Their Honours went on [(2000) 172 ALR 346 at 351 [23]; 74 ALJR 1094 at 1098. See also (2000) 172 ALR 346 at 360 [81], 362 [95], 363 [100]; 74 ALJR 1094 at 1105, 1106,, 1107 per Callinan J.] to refer to the judgment of Taylor J in Tallerman & Co Pty Ltd v Nathan's Merchandise (Victoria) Pty Ltd [(1957) 98 CLR 93 at 143-4]. Taylor J had rejected submissions that (a) "it is impossible by a subsequent agreement, merely, to vary or modify an existing contract" and (b) "[an] agreement which purports to vary an existing contract operates … first of all to abrogate entirely the existing contractual relationship and, then, to reinstate the terms of the old contract as varied or modified by the new agreement" [cf Meek v Port of London Authority [1918] 2 Ch 96]. His Honour, to the contrary, accepted the propositions that (a) the earlier contract might be rescinded altogether, the determining factor being the intention of the parties disclosed by the later agreement; (b) partial rescission is a variation, not the destruction, of the contractual relationship between the parties; and (c) the earlier contract may be varied by way of (i) partial rescission with or without the substitution of new terms for those rescinded and (ii) the addition of new terms with or without any partial rescission at all [(1957) 98 CLR 93 at 144]. In Tallerman, Kitto J [(1957 98 CLR 93 at 135. See also at 122-3 per Williams J.] spoke in terms which involved acceptance of propositions (a) and (b) as identified above, adding that while "in strict logic" a variation may be a new contract, "the discharge of an old contract is a matter of intention"." (emphasis added)

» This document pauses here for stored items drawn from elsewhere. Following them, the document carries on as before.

lemma cond_ess_inf_indicator_unique:
  assumes M: "finite_measure M" and G: "subalgebra M G" and H: "subalgebra M H"
    and Z: "Z \<in> borel_measurable H" "AE x in M. Z x \<le> 0"
    and Z': "Z' \<in> borel_measurable H" "AE x in M. Z' x \<le> 0"
    and Z_eq: "\<forall>A \<in> sets H. AE x in M.
      cond_ess_inf M G (\<lambda>y. Z y * indicator A y) x = cond_ess_inf M G (\<lambda>y. X y * indicator A y) x"
    and Z'_eq: "\<forall>A \<in> sets H. AE x in M.
      cond_ess_inf M G (\<lambda>y. Z' y * indicator A y) x = cond_ess_inf M G (\<lambda>y. X y * indicator A y) x"
  shows "AE x in M. Z' x = Z x"
proof -
  have eq: "AE x in M.
    cond_ess_inf M G (\<lambda>y. Z y * indicator A y) x = cond_ess_inf M G (\<lambda>y. Z' y * indicator A y) x"
    and eq': "AE x in M.
    cond_ess_inf M G (\<lambda>y. Z' y * indicator A y) x = cond_ess_inf M G (\<lambda>y. Z y * indicator A y) x"
    if "A \<in> sets H" for A
    using Z_eq[rule_format, OF that] Z'_eq[rule_format, OF that] by (eventually_elim, simp)+
  have "AE x in M. Z x \<le> Z' x"
    using M G H Z(1) Z'(1) Z(2) eq by (rule AE_le_if_cond_ess_inf_indicator_eq)
  moreover have "AE x in M. Z' x \<le> Z x"
    using M G H Z'(1) Z(1) Z'(2) eq' by (rule AE_le_if_cond_ess_inf_indicator_eq)
  ultimately show ?thesis
    by eventually_elim simp
qed

lemma cond_ess_inf_indicator_exists:
  assumes M: "finite_measure M" and G: "subalgebra M G" and H: "subalgebra M H"
    and GH: "sets G \<subseteq> sets H" and X: "AE x in M. a \<le> X x \<and> X x \<le> b"
  shows "\<exists>Z. Z \<in> borel_measurable H \<and> (AE x in M. a \<le> Z x \<and> Z x \<le> b) \<and>
    (\<forall>A \<in> sets H. AE x in M.
      cond_ess_inf M G (\<lambda>y. Z y * indicator A y) x = cond_ess_inf M G (\<lambda>y. X y * indicator A y) x)"
proof -
  obtain Z where Z: "is_cond_ess_inf M H X (\<lambda>x. ereal (Z x))" "AE x in M. a \<le> Z x \<and> Z x \<le> b"
    using ex_bounded_is_cond_ess_inf[OF M H X] by blast
  then have "Z \<in> borel_measurable H"
    by (simp add: is_cond_ess_inf_def borel_measurable_ereal_iff)
  with Z show ?thesis
    using cond_ess_inf_indicator_tower[OF G H GH Z(1)] by auto
qed

lemma cond_ess_inf_indicator_ex1_Linf_nonpos:
  assumes M: "finite_measure M" and G: "subalgebra M G" and H: "subalgebra M H"
    and GH: "sets G \<subseteq> sets H" and X: "AE x in M. X x \<le> 0" "\<exists>C. AE x in M. \<bar>X x\<bar> \<le> C"
  shows "\<exists>Z. Linf_nonpos M H Z \<and>
      (\<forall>A \<in> sets H. AE x in M.
        cond_ess_inf M G (\<lambda>y. Z y * indicator A y) x = cond_ess_inf M G (\<lambda>y. X y * indicator A y) x) \<and>
      (\<forall>Z'. Linf_nonpos M H Z' \<and>
        (\<forall>A \<in> sets H. AE x in M.
          cond_ess_inf M G (\<lambda>y. Z' y * indicator A y) x = cond_ess_inf M G (\<lambda>y. X y * indicator A y) x)
        \<longrightarrow> (AE x in M. Z' x = Z x))"
proof -
  obtain C where "AE x in M. \<bar>X x\<bar> \<le> C"
    using X(2) by blast
  then have "AE x in M. - C \<le> X x \<and> X x \<le> 0"
    using X(1) by eventually_elim auto
  from cond_ess_inf_indicator_exists[OF M G H GH this] obtain Z where Z: "Z \<in> borel_measurable H"
    "AE x in M. - C \<le> Z x \<and> Z x \<le> 0" and Z_eq: "\<forall>A \<in> sets H. AE x in M.
      cond_ess_inf M G (\<lambda>y. Z y * indicator A y) x = cond_ess_inf M G (\<lambda>y. X y * indicator A y) x"
    by blast
  have "AE x in M. Z x \<le> 0" "AE x in M. \<bar>Z x\<bar> \<le> C"
    using Z(2) by (eventually_elim, simp)+
  then show ?thesis
    unfolding Linf_nonpos_def
    using Z(1) Z_eq cond_ess_inf_indicator_unique[OF M G H Z(1) _ _ _ Z_eq] by blast
qed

38 In applying those principles, their Honours concluded that the service agreement did not entirely supplant the earlier agreement, but, rather, supplemented it, finding (176 ALR at 699 [20], [22]):
"… the text of the service agreement itself, as well as the surrounding circumstances, indicate that such a conclusion would not be in accord with the manifest intention of the parties."